In 2006, the year following the attack, St.James and LaDonna placed a sign in their front yard that read "Free Moe". They also went to Superior Court in Pomona, California, to get the city of West Covina to honor their 2002 settlement which required it to purchase a home for them in Baldwin Park so that they could reunite with Moe. In 2007, the court ruled that West Covina should pay them in damages (i.e.,about US$ in dollars) because the city failed to fulfill their obligations under the 2002 settlement and pay them $300 per month towards covering the costs of Moe's housing, and covering travel expenses for their visits to him.

Moe disappeared in the summer of 2008. He had been living at "Jungle Exotics", a ranch for performing animals in San Bernardino, and escaped. Construction workers reported they had seen him at a home near Jungle Exotics; other witnesses spotted him heading towards a mountain. St.James and LaDonna hired a helicopter to do flyovers in an attempt to flush him out of hiding; authorities thoroughly searched the San Bernardino National Forest, but he has never been found, remains missing to this day (as of 2026), and stands a good chance of having perished due to his not possessing the skills necessary for surviving in the wild, given his having spent his life as an indoor pet companion.

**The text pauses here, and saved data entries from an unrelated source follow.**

(* Let $R_{e,q}=\mathbb{F}_q[u]/\langle u^e-1\rangle$, where $q=p^m$ with $p$ an odd prime and $q=et+1$ for integers $e\geq 2,t\geq 1$. Then every cyclic code of length $n$ over $R_{e,q}$ is principally generated; that is, $R_{e,q}[x]/\langle x^n-1\rangle$ is a principal ideal ring.
   Context: Cyclic codes of length $n$ over $R_{e,q}$ (submodules of $R_{e,q}^n$ closed under cyclic shift) are identified with ideals of $R_{e,q}[x]/\langle x^n-1\rangle$. *)

theory Defs
  imports "HOL-Algebra.Algebra" "HOL-Computational_Algebra.Primes"
begin

definition poly_ring :: "('a, 'b) ring_scheme \<Rightarrow> 'a list ring" where
  "poly_ring A = univ_poly A (carrier A)"

definition xn_minus_1 :: "('a, 'b) ring_scheme \<Rightarrow> nat \<Rightarrow> 'a list" where
  "xn_minus_1 A n =
     (var A [^]\<^bsub>poly_ring A\<^esub> n) \<ominus>\<^bsub>poly_ring A\<^esub> \<one>\<^bsub>poly_ring A\<^esub>"

definition cyclic_quot :: "('a, 'b) ring_scheme \<Rightarrow> nat \<Rightarrow> 'a list set ring" where
  "cyclic_quot A n = poly_ring A Quot (PIdl\<^bsub>poly_ring A\<^esub> (xn_minus_1 A n))"

definition Req :: "('a, 'b) ring_scheme \<Rightarrow> nat \<Rightarrow> 'a list set ring" where
  "Req K e = cyclic_quot K e"

end

theory Submission
  imports Defs
begin

text \<open>Since e divides q - 1, the field K = F_q contains a primitive e-th root of unity \<omega>, and e is
  invertible in K. Hence the discrete Fourier idempotents eps_i = e^-1 * sum_j (\<omega>^-i u)^j of
  R_{e,q} = K[u]/(u^e - 1) are orthogonal, sum to 1 and satisfy u eps_i = \<omega>^i eps_i. The ring
  S = R_{e,q}[x]/(x^n - 1) is generated by K, u and x, so every component eps_i S is the image of
  the principal ideal domain K[x] under x |-> x, and an ideal of S is generated by a single element
  assembled from generators of its components.\<close>

section \<open>Polynomial rings over commutative rings\<close>

lemma UP_carrier: "carrier (UP R) = up R"
  by (simp add: UP_def)

lemma coeff_UP: "p \<in> up R \<Longrightarrow> coeff (UP R) p = p"
  by (simp add: UP_def)

lemma UP_mult_eq:
  "p \<in> up R \<Longrightarrow> q \<in> up R \<Longrightarrow> p \<otimes>\<^bsub>UP R\<^esub> q = (\<lambda>n. \<Oplus>\<^bsub>R\<^esub>i\<in>{..n}. p i \<otimes>\<^bsub>R\<^esub> q (n - i))"
  by (simp add: UP_def)

lemma UP_add_eq: "p \<in> up R \<Longrightarrow> q \<in> up R \<Longrightarrow> p \<oplus>\<^bsub>UP R\<^esub> q = (\<lambda>n. p n \<oplus>\<^bsub>R\<^esub> q n)"
  by (simp add: UP_def)

text \<open>HOL-Algebra shows that the list-based polynomial ring \<^const>\<open>univ_poly\<close> is a ring only over
  domains, while \<^const>\<open>UP\<close> (coefficient functions) is a commutative ring over every commutative
  ring and has the universal property. Since R_{e,q} is not a domain, we transport both facts along
  the bijection \<open>poly_of_up\<close>, whose inverse is \<^const>\<open>ring.coeff\<close>.\<close>

definition poly_of_up :: "('a, 'b) ring_scheme \<Rightarrow> (nat \<Rightarrow> 'a) \<Rightarrow> 'a list" where
  "poly_of_up R f = ring.normalize R (map f (rev [0..<Suc (deg R f)]))"

context ring
begin

lemma poly_ring_carrierD: "p \<in> carrier (poly_ring R) \<Longrightarrow> set p \<subseteq> carrier R"
  using polynomial_incl by (auto simp: poly_ring_def univ_poly_carrier[symmetric])

lemma up_eq_zero_above_deg:
  assumes "f \<in> up R" "deg R f < m"
  shows "f m = \<zero>"
  using UP_ring.deg_aboveD[of R f m] assms by (simp add: UP_ring_def UP_def ring_axioms)

lemma coeff_poly_of_up:
  assumes "f \<in> up R"
  shows "coeff (poly_of_up R f) = f"
proof
  fix i
  let ?N = "Suc (deg R f)"
  have "coeff (poly_of_up R f) i = coeff (map f (rev [0..<?N])) i"
    unfolding poly_of_up_def by (simp only: normalize_coeff[symmetric])
  also have "\<dots> = f i"
  proof (cases "i < ?N")
    case True
    then show ?thesis by (simp add: coeff_nth rev_nth del: upt_Suc)
  next
    case False
    then show ?thesis
      using coeff_length[of "map f (rev [0..<?N])" i] up_eq_zero_above_deg[OF assms]
      by (simp del: upt_Suc)
  qed
  finally show "coeff (poly_of_up R f) i = f i" .
qed

lemma poly_of_up_closed:
  assumes "f \<in> up R"
  shows "poly_of_up R f \<in> carrier (poly_ring R)"
  using assms normalize_gives_polynomial[of "map f (rev [0..<Suc (deg R f)])" "carrier R"]
  by (auto simp: poly_of_up_def poly_ring_def univ_poly_carrier[symmetric] simp del: upt_Suc)

lemma coeff_in_up:
  assumes "set p \<subseteq> carrier R"
  shows "coeff p \<in> up R"
proof
  show "\<exists>n. bound \<zero> n (coeff p)"
    using coeff_length[of p] by (auto simp: bound_def intro!: exI[of _ "length p"])
qed (use assms in simp)

lemma poly_of_up_eqI:
  assumes "f \<in> up R" "p \<in> carrier (poly_ring R)" "coeff p = f"
  shows "poly_of_up R f = p"
  using assms poly_of_up_closed[OF assms(1)] coeff_poly_of_up[OF assms(1)] coeff_iff_polynomial_cond
  by (auto simp: poly_ring_def univ_poly_carrier[symmetric])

St.James suffered a stroke in December 2017 and died of a cardiopulmonary arrest in July of the next year at the age of 74 years old. LaDonna later became a victim of elder abuse through financial means. The alleged perpetrator, Min Maw, coerced her into signing over a living will to himself that included the Davis's properties and control of active bank accounts. By the time authorities stepped in, the house had been taken over by members of the Mongols Motorcycle Club who had forced Maw out and were neglecting LaDonna's care. After the motorcycle gang were evicted, a legal battle began with Maw, which was eventually settled to preserve what remained of LaDonna's stolen assets, rather than risk a lengthy and expensive court case.